Domestic & Foreign Commerce Corp. v. Littlejohn

165 F.2d 235, 83 U.S. App. D.C. 13, 1947 U.S. App. LEXIS 2056
CourtCourt of Appeals for the D.C. Circuit
DecidedDecember 8, 1947
DocketNo. 9553
StatusPublished
Cited by6 cases

This text of 165 F.2d 235 (Domestic & Foreign Commerce Corp. v. Littlejohn) is published on Counsel Stack Legal Research, covering Court of Appeals for the D.C. Circuit primary law. Counsel Stack provides free access to over 12 million legal documents including statutes, case law, regulations, and constitutions.

Bluebook
Domestic & Foreign Commerce Corp. v. Littlejohn, 165 F.2d 235, 83 U.S. App. D.C. 13, 1947 U.S. App.
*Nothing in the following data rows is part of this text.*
lemma diff_vec_eq_zero:
  assumes "inj_on mu {..<M}"
    and "u \<in> zm_vecs M n" "u' \<in> zm_vecs M n" "v \<in> zm_vecs M n" "v' \<in> zm_vecs M n"
    and "diff_vec mu u u' v v' = zero_vec (2 * n)"
  shows "u = u' \<and> v = v'"
proof -
  have "map2 (\<lambda>p q. mu p - mu q) u u' @ map2 (\<lambda>p q. mu p - mu q) v v'
          = replicate n 0 @ replicate n 0"
    using assms(6) by (simp add: diff_vec_def zero_vec_def mult_2 replicate_add)
  moreover have "length (map2 (\<lambda>p q. mu p - mu q) u u') = length (replicate n (0::complex))"
    using assms(2,3) by (simp add: zm_vecs_def)
  ultimately have "map2 (\<lambda>p q. mu p - mu q) u u' = replicate n 0 \<and>
      map2 (\<lambda>p q. mu p - mu q) v v' = replicate n 0"
    by simp
  thus ?thesis using map2_diff_eq_zero[OF assms(1)] assms(2-5) by blast
qed

text \<open>A square removing span(w) identifies all pairs whose difference is any scalar
  multiple of w, including the zero multiple, since mu is injective.\<close>
lemma removes_scalar_multiple:
  assumes "inj_on mu {..<M}" "removes_perp_span M mu n L w"
    and "u \<in> zm_vecs M n" "u' \<in> zm_vecs M n" "v \<in> zm_vecs M n" "v' \<in> zm_vecs M n"
    and "diff_vec mu u u' v v' = map (\<lambda>z. c * z) w"
  shows "L u v = L u' v'"
proof (cases "diff_vec mu u u' v v' = zero_vec (2 * n)")
  case True
  thus ?thesis using diff_vec_eq_zero[OF assms(1,3-6)] by simp
next
  case False
  hence "diff_vec mu u u' v v' \<in> cspan w - {zero_vec (2 * n)}"
    using assms(7) by (auto simp: cspan_def)
  thus ?thesis using assms(2-6) unfolding removes_perp_span_def by blast
qed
LEXIS 2056 (D.C. Cir. 1947).

Opinion

CLARK, Associate Justice.

This action originated with a complaint for an injunction filed by the appellant in the District Court of the United States for the District of Columbia on April 29, 1947. Appellee here was named defendant in the complaint in his capacity as War Assets Administrator and Surplus Property Administrator. A temporary restraining order was issued on that date and the cause came on for hearing May 6, 1947, defendant (appellee here) having filed a motion to dismiss. On May 9, 1947, the lower court decreed that the motion for preliminary injunction be denied and granted the motion to dismiss the complaint. This appeal followed.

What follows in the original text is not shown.